So I came across someone with whom I was discussing Golden Dawn ritual and we were talking about the clothes of roles involved when I realised my friend, who in every other way was very well informed, did not know what a mantle was. For him, like me when I was younger, a mantle was the little shelf above the fireplace.
A priestly robe was far from his mind! So a mantle is like an extra layer worn on the outside of a robe. It’s like a cape but differs slightly in meaning. In modern English we often just say cape, sometimes a mantle is like a full cape and occasionally it refers to something much smaller than the clothes it covers. Like somewhere between a loose fitting cloak and short jacket.
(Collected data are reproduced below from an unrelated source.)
lemma trace_matrix_inv_diff_eq_0_imp_eq:
  fixes U V :: "real^'n::finite^'n"
  assumes "pos_def U" and "pos_def V" and "transpose U = U" and "transpose V = V"
    and "trace ((matrix_inv U - matrix_inv V) ** (U - V)) = 0"
  shows "U = V"
proof -
  obtain Z :: "real^'n^'n" where Z: "trace ((matrix_inv U - matrix_inv V) ** (U - V))
      = - (\<Sum>m\<in>UNIV. quadratic_form (matrix_inv V) (Z $ m))" and "Z = 0 \<Longrightarrow> U = V"
    by (rule trace_matrix_inv_diff[OF assms(1-4)]) blast
  have pV': "pos_def (matrix_inv V)"
    using pos_def_matrix_inv[OF assms(2)] .
  have "\<forall>m\<in>UNIV. quadratic_form (matrix_inv V) (Z $ m) = 0"
    using assms(5) Z sum_nonneg_eq_0_iff[of UNIV "\<lambda>m. quadratic_form (matrix_inv V) (Z $ m)"]
      quadratic_form_nonneg[OF pV'] by simp
  then have "Z = 0"
    using quadratic_form_eq_0_imp_eq_0[OF pV'] by (simp add: vec_eq_iff)
  then show ?thesis
    using \<open>Z = 0 \<Longrightarrow> U = V\<close> by blast
qed

section \<open>Integration over the unit cube\<close>

lemma unit_cube_axis_splits:
  fixes e :: "real^'n::finite" and t :: real
  assumes t: "0 \<le> t" "t \<le> 1"
    and ie: "\<And>x. x \<bullet> e = x $ i" and ec: "\<And>k. e $ k = (if k = i then 1 else 0)"
  shows "cbox (t *\<^sub>R e) (1 + t *\<^sub>R e) \<inter> {x. 1 \<le> x \<bullet> e} = cbox e (1 + t *\<^sub>R e)"
    and "cbox (t *\<^sub>R e) (1 + t *\<^sub>R e) \<inter> {x. x \<bullet> e \<le> 1} = cbox (t *\<^sub>R e) 1"
    and "cbox 0 1 \<inter> {x. x \<bullet> e \<le> t} = cbox 0 (1 + (t - 1) *\<^sub>R e)"
    and "cbox 0 1 \<inter> {x. t \<le> x \<bullet> e} = cbox (t *\<^sub>R e) 1"
proof -
  have S1: "cbox a b \<inter> {x. x \<bullet> e \<le> c} = cbox a (\<chi> k. if k = i then min (b $ i) c else b $ k)"
    for a b :: "real^'n" and c
    using interval_split_cart(1)[where a=a and b=b and k=i and c=c] by (simp add: ie interval_cbox_cart)
  have S2: "cbox a b \<inter> {x. c \<le> x \<bullet> e} = cbox (\<chi> k. if k = i then max (a $ i) c else a $ k) b"
    for a b :: "real^'n" and c
    using interval_split_cart(2)[where a=a and b=b and k=i and c=c] by (simp add: ie interval_cbox_cart)
  show "cbox (t *\<^sub>R e) (1 + t *\<^sub>R e) \<inter> {x. 1 \<le> x \<bullet> e} = cbox e (1 + t *\<^sub>R e)"
    unfolding S2 using t by (intro arg_cong2[where f=cbox]) (auto simp: vec_eq_iff ec)
  show "cbox (t *\<^sub>R e) (1 + t *\<^sub>R e) \<inter> {x. x \<bullet> e \<le> 1} = cbox (t *\<^sub>R e) 1"
    unfolding S1 using t by (intro arg_cong2[where f=cbox]) (auto simp: vec_eq_iff ec)
  show "cbox 0 1 \<inter> {x. x \<bullet> e \<le> t} = cbox 0 (1 + (t - 1) *\<^sub>R e)"
    unfolding S1 using t by (intro arg_cong2[where f=cbox]) (auto simp: vec_eq_iff ec)
  show "cbox 0 1 \<inter> {x. t \<le> x \<bullet> e} = cbox (t *\<^sub>R e) 1"
    unfolding S2 using t by (intro arg_cong2[where f=cbox]) (auto simp: vec_eq_iff ec)
qed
However, the term means much more than just the item of clothing. Biblically priests and men who had been anointed by God wore it as a symbol of their duty. For hundreds of years, it was a symbol of monastic vows and so had associations with poverty, but had been taken up by the rich particularly the monarchy.
In the time of the Golden Dawn, it would be recognised as a symbol of either ecclesiastical or monarchic authority. The people that wore it, were in a position high up in the church and in England at the time of the Golden Dawn, it was often worn by the kings and queens at official ceremonies who, since Henry VIII, were naturally the head of the church of England.
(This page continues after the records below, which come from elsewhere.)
lemma infinite_differences_if_not_fwd_asymptotic:
  fixes x y :: "'i::shift_index \<Rightarrow> nat"
  assumes "\<not> fwd_asymptotic x y"
  shows "infinite {n. x (of_nat n) \<noteq> y (of_nat n)}"
proof
  assume "finite {n. x (of_nat n) \<noteq> y (of_nat n)}"
  then obtain N where "\<forall>n\<in>{n. x (of_nat n) \<noteq> y (of_nat n)}. n < N"
    using finite_nat_bounded by blast
  then have "fwd_asymptotic x y"
    by (intro fwd_asymptotic_if_eventually_equal[of N]) force
  with assms show False by simp
qed

lemma frequently_less_if_INF_eq_0:
  fixes f :: "nat \<Rightarrow> real"
  assumes "(INF n. f n) = 0" and "\<And>n. f n > 0" and "e > 0"
  shows "\<exists>\<^sub>F n in sequentially. f n < e"
  unfolding frequently_sequentially
proof
  fix N
  define d where "d = min e (Min (f ` {..N}))"
  have "d > 0"
    using assms by (simp add: d_def Min_gr_iff)
  moreover have "bdd_below (range f)"
    using assms(2) by (intro bdd_belowI[of _ 0]) (auto intro: less_imp_le)
  ultimately obtain n where n: "f n < d"
    using assms(1) cINF_less_iff[of UNIV f d] by auto
  have "n > N"
  proof (rule ccontr)
    assume "\<not> n > N"
    then have "Min (f ` {..N}) \<le> f n" by (intro Min_le) auto
    moreover have "d \<le> Min (f ` {..N})"
      unfolding d_def by (rule min.cobounded2)
    ultimately show False
      using n by linarith
  qed
  moreover have "d \<le> e"
    unfolding d_def by (rule min.cobounded1)
  ultimately show "\<exists>n\<ge>N. f n < e"
    using n by (intro exI[of _ n]) auto
qed

lemma fwd_proximal_frequently_agree:
  fixes x y :: "'i::shift_index \<Rightarrow> nat"
  assumes "fwd_proximal x y" and "\<And>n. (shift ^^ n) x \<noteq> (shift ^^ n) y"
  shows "\<exists>\<^sub>F n in sequentially. \<forall>j\<le>k. x (of_nat (n + j)) = y (of_nat (n + j))"
proof -
  define e where "e = Min ((\<lambda>j. (1/2::real) ^ to_nat (of_nat j :: 'i)) ` {..k})"
  have "e > 0"
    by (simp add: e_def Min_gr_iff)
  have "dist (\<lambda>i. real ((shift ^^ n) x i)) (\<lambda>i. real ((shift ^^ n) y i)) > 0" for n
    using assms(2)[of n] by (simp add: fun_eq_iff)
  with assms(1) \<open>e > 0\<close> have "\<exists>\<^sub>F n in sequentially.
      dist (\<lambda>i. real ((shift ^^ n) x i)) (\<lambda>i. real ((shift ^^ n) y i)) < e"
    by (intro frequently_less_if_INF_eq_0) (auto simp: fwd_proximal_def)
  then show ?thesis
  proof (rule frequently_elim1)
    fix n
    assume close: "dist (\<lambda>i. real ((shift ^^ n) x i)) (\<lambda>i. real ((shift ^^ n) y i)) < e"
    show "\<forall>j\<le>k. x (of_nat (n + j)) = y (of_nat (n + j))"
    proof (intro allI impI)
      fix j
      assume "j \<le> k"
      then have "e \<le> (1/2) ^ to_nat (of_nat j :: 'i)"
        unfolding e_def by (intro Min_le) auto
      with close have "(shift ^^ n) x (of_nat j) = (shift ^^ n) y (of_nat j)"
        using dist_fun_nat_ge[of "(shift ^^ n) x" "of_nat j" "(shift ^^ n) y"] by linarith
      then show "x (of_nat (n + j)) = y (of_nat (n + j))"
        by (simp add: funpow_shift add.commute)
    qed
  qed
qed

lemma last_point_before_gap:
  fixes P :: "nat \<Rightarrow> bool"
  assumes "infinite {n. P n}" and "\<exists>\<^sub>F n in sequentially. \<forall>j\<le>k. \<not> P (n + j)"
  shows "\<exists>m\<ge>k. P m \<and> (\<forall>j. 1 \<le> j \<and> j \<le> k \<longrightarrow> \<not> P (m + j))"
proof -
  obtain d where d: "P d" "d \<ge> k"
    using assms(1) unfolding infinite_nat_iff_unbounded_le by auto
  obtain n where n: "n \<ge> Suc d" "\<forall>j\<le>k. \<not> P (n + j)"
    using assms(2) unfolding frequently_sequentially by blast
  define m where "m = Max {i. P i \<and> i < n}"
  have fin: "finite {i. P i \<and> i < n}" by simp
  have d_in: "d \<in> {i. P i \<and> i < n}"
    using d n by simp
  have "m \<in> {i. P i \<and> i < n}"
    unfolding m_def using fin d_in by (intro Max_in) auto
  moreover have "d \<le> m"
    unfolding m_def using fin d_in by (rule Max_ge)
  ultimately have m: "P m" "m < n" "m \<ge> k"
    using d by auto
  have "\<not> P (m + j)" if "1 \<le> j" "j \<le> k" for j
  proof (cases "m + j < n")
    case True
    show ?thesis
    proof
      assume "P (m + j)"
      with True have "m + j \<in> {i. P i \<and> i < n}" by simp
      with fin have "m + j \<le> m" unfolding m_def by (rule Max_ge)
      with \<open>1 \<le> j\<close> show False by simp
    qed
  next
    case False
    then obtain i where i: "m + j = n + i"
      by (metis le_add_diff_inverse not_less)
    with m that have "i \<le> k" by linarith
    with i n(2) show ?thesis by simp
  qed
  with m show ?thesis by blast
qed

lemma fwd_li_yorke_last_difference_before_agreement:
  fixes x y :: "'i::shift_index \<Rightarrow> nat"
  assumes "fwd_li_yorke x y"
  shows "\<exists>m\<ge>k. x (of_nat m) \<noteq> y (of_nat m) \<and>
           (\<forall>j. 1 \<le> j \<and> j \<le> k \<longrightarrow> x (of_nat (m + j)) = y (of_nat (m + j)))"
proof -
  let ?D = "{n. x (of_nat n) \<noteq> y (of_nat n)}"
  have D: "infinite ?D"
    using assms by (intro infinite_differences_if_not_fwd_asymptotic) (simp add: fwd_li_yorke_def)
  have "(shift ^^ n) x \<noteq> (shift ^^ n) y" for n
  proof -
    obtain d where "d \<in> ?D" "d \<ge> n"
      using D unfolding infinite_nat_iff_unbounded_le by auto
    then have "(shift ^^ n) x (of_nat (d - n)) \<noteq> (shift ^^ n) y (of_nat (d - n))"
      by (simp add: funpow_shift flip: of_nat_add)
    then show ?thesis by fastforce
  qed
  with assms have "\<exists>\<^sub>F n in sequentially. \<forall>j\<le>k. x (of_nat (n + j)) = y (of_nat (n + j))"
    by (intro fwd_proximal_frequently_agree) (simp_all add: fwd_li_yorke_def)
  with D show ?thesis
    using last_point_before_gap[of "\<lambda>n. x (of_nat n) \<noteq> y (of_nat n)" k] by simp
qed

lemma funpow_shift_in_subshift:
  assumes "subshift A X" and "z \<in> X"
  shows "(shift ^^ n) z \<in> X"
  using assms by (induction n) (auto simp: subshift_def)

lemma subshift_compact_space:
  fixes X :: "('i::{plus,one} \<Rightarrow> nat) set"
  assumes "subshift A X"
  shows "compact_space (product_topology (\<lambda>_. top_of_set X) X)"
proof -
  have A: "finite A" and sub: "X \<subseteq> {x. \<forall>n. x n \<in> A}" and "closed X"
    using assms unfolding subshift_def by auto
  have "compactin (product_topology (\<lambda>_. euclidean) UNIV) (PiE UNIV (\<lambda>_::'i. A))"
    using A by (subst compactin_PiE) (auto intro: finite_imp_compact)
  moreover have "PiE UNIV (\<lambda>_::'i. A) = {x. \<forall>n. x n \<in> A}"
    by (auto simp: PiE_def Pi_def)
  ultimately have "compact {x::'i \<Rightarrow> nat. \<forall>n. x n \<in> A}"
    by (simp add: euclidean_product_topology)
  with \<open>closed X\<close> sub have "compact X"
    by (metis compact_Int_closed inf.absorb_iff2)
  then have "compact_space (top_of_set X)"
    by (simp add: compact_space_subtopology)
  then show ?thesis
    by (simp add: compact_space_product_topology)
qed

lemma continuous_map_eval_coordinate:
  fixes X :: "('i \<Rightarrow> nat) set"
  assumes "a \<in> X"
  shows "continuous_map (product_topology (\<lambda>_. top_of_set X) X) euclidean (\<lambda>g. g a i)"
proof -
  have "continuous_map (product_topology (\<lambda>_. euclidean) UNIV) euclidean (\<lambda>z::'i \<Rightarrow> nat. z i)"
    by (rule continuous_map_product_projection) simp
  then have "continuous_map euclidean euclidean (\<lambda>z::'i \<Rightarrow> nat. z i)"
    by (simp add: euclidean_product_topology)
  then have coordinate: "continuous_map (top_of_set X) euclidean (\<lambda>z::'i \<Rightarrow> nat. z i)"
    by (rule continuous_map_from_subtopology)
  have "continuous_map (product_topology (\<lambda>_. top_of_set X) X) (top_of_set X) (\<lambda>g. g a)"
    using assms by (rule continuous_map_product_projection)
  then show ?thesis
    using continuous_map_compose[OF _ coordinate] by (simp add: o_def)
qed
It is worth noting that expressions such as “the passing of one’s mantle”, “the inheriting of someone’s mantle” and “taking up one’s own mantle” all use the term to refer more to duty and authority than to clothing. A mantle is like a god-given authority, a duty whether given or assumed, an oath bounded destiny … a Will, if you will.
I hope this helps anyone reading Cicero’s Self Initiation into the Golden Dawn.